By: Corey Holzer, Ph.D. CISSP
October 21, 2019
How to Use the Right Tool for the Job
By: Corey Holzer, Ph.D. CISSP
October 21, 2019
In 2003, a stock market analyst company I will call Stockhouse hired me as a freelancer to fix issues with the database at the heart of their business model and revenue streams. Every morning, their proprietary scripts imported millions of records from the Stock Exchange. The data was configured for research and analysis by their analysts and their customers’ use when navigating the Market.When Stockhouse hired me, the database server experienced crashes daily while importing the data from the Exchange. The crashes cost many working hours for their IT staff and wasted working hours for the analysts waiting on the data for analysis. The home-grown solution was a solution developed by a freelancer who was no longer on their payroll and unavailable.Even when the process ran to completion, it was slow. On average, the morning’s data import took two to three hours (2-3 hours) to process all the data and update all the tables in the application’s database. Within two weeks spent studying the problem and writing a new code, I stopped the crashing of the database. I found a way to reduce processing time for the millions of records to approximately 30 minutes a 600% improvement over the old code. Here is how I accomplished it.

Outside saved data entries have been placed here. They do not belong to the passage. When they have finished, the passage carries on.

lemma active_snoc_eq:
  assumes "j \<noteq> Suc (length xs) div 2^k - 1"
  shows "active R g (xs @ [x]) k j = active R g xs k j"
proof (cases "(j + 1) * 2^k \<le> length xs")
  case True
  have "active_count (Suc (length xs)) k j = active_count (length xs) k j"
  proof (rule ccontr)
    assume "active_count (Suc (length xs)) k j \<noteq> active_count (length xs) k j"
    then have "Suc (length xs) < (j + 1) * 2^k + 2^k"
      unfolding active_count_def by auto
    then have "Suc (length xs) div 2^k = j + 1"
      using True by (intro div_nat_eqI) (auto simp: algebra_simps)
    then show False using assms by simp
  qed
  then show ?thesis
    unfolding active_def using rank_block_col_snoc[OF True, where R = R and g = g and x = x] by auto
next
  case False
  then have "(j + 1) * 2^k \<noteq> Suc (length xs)"
    using assms
    by (metis nonzero_mult_div_cancel_right add_diff_cancel_right' power_not_zero zero_neq_numeral)
  then have "active_count (Suc (length xs)) k j = 0" "active_count (length xs) k j = 0"
    using False unfolding active_count_def by auto
  then show ?thesis
    unfolding active_def by simp
qed

lemma active_subset_active_snoc: "active R g xs k j \<subseteq> active R g (xs @ [x]) k j"
proof
  fix p assume p: "p \<in> active R g xs k j"
  have "active_count (length xs) k j \<le> active_count (length (xs @ [x])) k j"
    unfolding active_count_def by auto
  then show "p \<in> active R g (xs @ [x]) k j"
    using p active_subset_block
      rank_block_col_snoc[OF active_imp_complete[OF p], where R = R and g = g and x = x]
    unfolding active_def by auto
qed

(* Suc n div 2^k - 1 is the last complete block of level k after inserting the (n+1)-st object;
   by active_snoc_eq, no other block of that level changes. *)
definition newly_active :: "('q \<Rightarrow> 'a \<Rightarrow> bool) \<Rightarrow> (nat \<Rightarrow> nat) \<Rightarrow> 'a list \<Rightarrow> 'a \<Rightarrow> nat \<Rightarrow> nat set" where
  "newly_active R g xs x k = active R g (xs @ [x]) k (Suc (length xs) div 2^k - 1)
     - active R g xs k (Suc (length xs) div 2^k - 1)"

lemma active_snoc_iff:
  "p \<in> active R g (xs @ [x]) k j \<longleftrightarrow>
     p \<in> active R g xs k j \<or> (j = Suc (length xs) div 2^k - 1 \<and> p \<in> newly_active R g xs x k)"
  unfolding newly_active_def
  using active_snoc_eq[of j xs k R g x] active_subset_active_snoc[of R g xs k j x] by auto

lemma newly_active_level:
  assumes "p < length xs" "p \<in> newly_active R g xs x k"
  shows "1 \<le> k \<and> 2^k \<le> Suc (length xs)"
proof -
  have "k \<noteq> 0"
  proof
    assume "k = 0"
    then have "p \<in> block 0 (length xs)"
      using assms(2) active_subset_block unfolding newly_active_def by fastforce
    then show False using assms(1) unfolding block_def by simp
  qed
  moreover have "2^k \<le> Suc (length xs)"
  proof (rule ccontr)
    assume small: "\<not> 2^k \<le> Suc (length xs)"
    then have "p \<in> active R g (xs @ [x]) k 0"
      using assms(2) unfolding newly_active_def by simp
    then show False
      using active_imp_complete small by fastforce
  qed
  ultimately show ?thesis by simp
qed

lemma card_newly_active_le_1: "card (newly_active R g xs x k) \<le> 1"
proof -
  define j where "j = Suc (length xs) div 2^k - 1"
  define r where "r = rank (\<lambda>i. block_col R g (xs @ [x]) k j ((xs @ [x]) ! i)) (block k j)"
  have "newly_active R g xs x k \<subseteq> {p \<in> block k j. r p = active_count (length xs) k j}"
  proof
    fix p assume "p \<in> newly_active R g xs x k"
    then have p: "p \<in> active R g (xs @ [x]) k j" "p \<notin> active R g xs k j"
      unfolding newly_active_def j_def by auto
    then have p_block: "p \<in> block k j"
      using active_subset_block by blast
    have "r p < active_count (Suc (length xs)) k j"
      using p(1) unfolding active_def r_def by simp
    moreover have "active_count (Suc (length xs)) k j \<le> Suc (active_count (length xs) k j)"
      unfolding active_count_def by auto
    moreover have "active_count (length xs) k j \<le> r p"
    proof (cases "(j + 1) * 2^k \<le> length xs")
      case True
      then show ?thesis
        using p(2) p_block rank_block_col_snoc[OF True p_block, where R = R and g = g and x = x]
        unfolding active_def r_def by auto
    next
      case False
      then show ?thesis unfolding active_count_def by auto
    qed
    ultimately show "p \<in> {p \<in> block k j. r p = active_count (length xs) k j}"
      using p_block by auto
  qed
  then have "card (newly_active R g xs x k) \<le> card {p \<in> block k j. r p = active_count (length xs) k j}"
    by (rule card_mono[rotated]) simp
  also have "\<dots> \<le> 1"
    unfolding r_def by (rule card_rank_eq_le_1[OF finite_block])
  finally show ?thesis .
qed

lemma color_snoc_eq:
  assumes "p < length xs" "\<And>k. p \<notin> newly_active R g xs x k"
  shows "color R g (xs @ [x]) p = color R g xs p"
proof -
  have "level R g (xs @ [x]) p = level R g xs p"
    unfolding level_def using active_snoc_iff[of p R g xs x] assms(2) by simp
  moreover define k where "k = level R g xs p"
  have "p \<in> active R g xs k (p div 2^k)"
    using active_at_level[OF assms(1)] unfolding k_def by blast
  then have "(p div 2^k + 1) * 2^k \<le> length xs"
    by (rule active_imp_complete)
  ultimately show ?thesis
    unfolding color_def Let_def k_def[symmetric]
    using block_col_snoc[where R = R and g = g and x = x] assms(1)
    by (simp add: nth_append)
qed

lemma finite_powers_of_two_le: "finite {k. 2^k \<le> (n::nat)}"
  by (rule finite_subset[of _ "{..n}"]) (auto intro: less_imp_le less_le_trans[OF less_exp])

lemma card_powers_of_two_le:
  fixes n :: nat
  assumes "1 \<le> n"
  shows "real (card {k. 2^k \<le> n}) \<le> log 2 n + 1"
proof -
  define m where "m = nat \<lfloor>log 2 n\<rfloor>"
  have "{k. 2^k \<le> n} \<subseteq> {..m}"
    unfolding m_def using le_log2_of_power by (auto simp: le_nat_floor)
  then have "card {k. 2^k \<le> n} \<le> Suc m"
    using card_mono[of "{..m}"] by fastforce
  moreover have "real m \<le> log 2 n"
    unfolding m_def using assms by simp
  ultimately show ?thesis by linarith
qed

lemma card_levels_le_ceiling_log:
  "real (card {k. 1 \<le> k \<and> 2^k \<le> Suc n}) \<le> \<lceil>log 2 (real (n + 1))\<rceil>"
proof -
  have "{k. 2^k \<le> Suc n} = insert 0 {k. 1 \<le> k \<and> 2^k \<le> Suc n}"
    by auto
  then have "card {k. 2^k \<le> Suc n} = Suc (card {k. 1 \<le> k \<and> 2^k \<le> Suc n})"
    using finite_powers_of_two_le[of "Suc n"] by simp
  then have "real (card {k. 1 \<le> k \<and> 2^k \<le> Suc n}) \<le> log 2 (real (n + 1))"
    using card_powers_of_two_le[of "Suc n"] by simp
  then show ?thesis
    using le_of_int_ceiling order_trans by blast
qed

lemma recolorings_dyn_col_le:
  assumes "distinct xs" "x \<notin> set xs"
  shows "real (recolorings xs (dyn_col R g xs) (dyn_col R g (xs @ [x])))
    \<le> \<lceil>log 2 (real (length xs + 1))\<rceil>"
proof -
  define K where "K = {k. 1 \<le> k \<and> 2^k \<le> Suc (length xs)}"
  define N where "N = (\<Union>k\<in>K. newly_active R g xs x k)"
  have "K \<subseteq> {..<Suc (length xs)}"
    unfolding K_def using less_le_trans[OF less_exp] by auto
  then have "finite K"
    using finite_subset by blast
  have finite_newly_active: "finite (newly_active R g xs x k)" for k
    unfolding newly_active_def using finite_subset[OF active_subset_block finite_block] by blast
  have "{y \<in> set xs. dyn_col R g (xs @ [x]) y \<noteq> dyn_col R g xs y} \<subseteq> (\<lambda>p. xs ! p) ` N"
  proof
    fix y assume y: "y \<in> {y \<in> set xs. dyn_col R g (xs @ [x]) y \<noteq> dyn_col R g xs y}"
    then obtain p where p: "p < length xs" "xs ! p = y"
      by (auto simp: in_set_conv_nth)
    have "position (xs @ [x]) y = p" "position xs y = p"
      using position_nth[of "xs @ [x]" p] position_nth[OF assms(1) p(1)] assms p
      by (simp_all add: nth_append)
    then have "color R g (xs @ [x]) p \<noteq> color R g xs p"
      using y unfolding dyn_col_def by simp
    then obtain k where k: "p \<in> newly_active R g xs x k"
      using color_snoc_eq[OF p(1)] by blast
    then have "k \<in> K"
      using newly_active_level[OF p(1)] unfolding K_def by simp
    then have "p \<in> N"
      unfolding N_def using k by blast
    then show "y \<in> (\<lambda>p. xs ! p) ` N" using p by blast
  qed
  moreover have "finite N"
    unfolding N_def using \<open>finite K\<close> finite_newly_active by blast
  ultimately have "recolorings xs (dyn_col R g xs) (dyn_col R g (xs @ [x])) \<le> card ((\<lambda>p. xs ! p) ` N)"
    unfolding recolorings_def by (intro card_mono) simp_all
  also have "\<dots> \<le> card N"
    using \<open>finite N\<close> by (rule card_image_le)
  also have "\<dots> \<le> (\<Sum>k\<in>K. card (newly_active R g xs x k))"
    unfolding N_def by (rule card_UN_le[OF \<open>finite K\<close>])
  also have "\<dots> \<le> card K"
    using sum_mono[of K _ "\<lambda>_. 1", OF card_newly_active_le_1] by simp
  finally have "real (recolorings xs (dyn_col R g xs) (dyn_col R g (xs @ [x]))) \<le> real (card K)"
    by (rule of_nat_mono)
  then show ?thesis
    using card_levels_le_ceiling_log[of "length xs"] unfolding K_def by linarith
qed

(* A position of level k is not active at level k + 1, so its parent block is not yet fully active:
   fewer than 2^(k+1) insertions have happened since that parent block was completed. *)
lemma level_block_window:
  fixes R :: "'q \<Rightarrow> 'a \<Rightarrow> bool" and g :: "nat \<Rightarrow> nat"
  assumes "p < length xs"
  defines "k \<equiv> level R g xs p"
  shows "p div 2^k < length xs div 2^k \<and> length xs div 2^k < p div 2^k + 4"
proof -
  define n j where "n = length xs" and "j = p div 2^k"
  have "(j + 1) * 2^k \<le> n"
    using active_imp_complete active_at_level[OF assms(1)] unfolding n_def j_def k_def by blast
  then have "j + 1 \<le> n div 2^k"
    by (simp add: less_eq_div_iff_mult_less_eq)
  then have lower: "j < n div 2^k"
    by simp
  have parent: "p div 2^(k + 1) = j div 2"
    unfolding j_def by (metis div_mult2_eq power_Suc2 Suc_eq_plus1)
  have "p \<notin> active R g xs (k + 1) (p div 2^(k + 1))"
    using level_ge[of p R g xs "k + 1"] unfolding k_def by auto
  then have "active_count n (k + 1) (j div 2) \<noteq> 2^(k + 1)"
    using active_full[of xs "k + 1" "j div 2" R g] in_block_div[of p "k + 1"] parent
    unfolding n_def by auto
  then have "Suc n < (j div 2 + 2) * 2^(k + 1)"
    unfolding active_count_def by (auto simp: algebra_simps)
  also have "\<dots> \<le> (j + 4) * 2^k"
    by (simp add: algebra_simps)
  finally have "n div 2^k < j + 4"
    by (intro less_mult_imp_div_less) simp
  then show ?thesis
    using lower unfolding n_def j_def by simp
qed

- Research to Find the Cause – My search for a solution started with an analysis of their production server. While the server needed some software updates, its specifications were sufficient for the assigned tasks. Next, I looked at the system logs and database logs for any indicators as to the cause of the crashes and failed imports. The problem was immediately apparent. The PHP code in the home-grown tool created high processing overhead. It iterated through each record in the source file making changes line by line and storing the lines in memory until the final write to the database. This caused a massive spike in memory utilization and led to the database hanging until physical intervention by the IT staff.
- Understand the Task – I performed an extensive code review of the code used in Stockhouse’s web-based application. Simply put, it was a complete mess. It took a few days to understand the logic employed by the code. Poor coding practices and almost no documentation in the form of either a technical review or commenting within the code made understanding the code very difficult. After many hours, I concluded to scrap the existing code and start over.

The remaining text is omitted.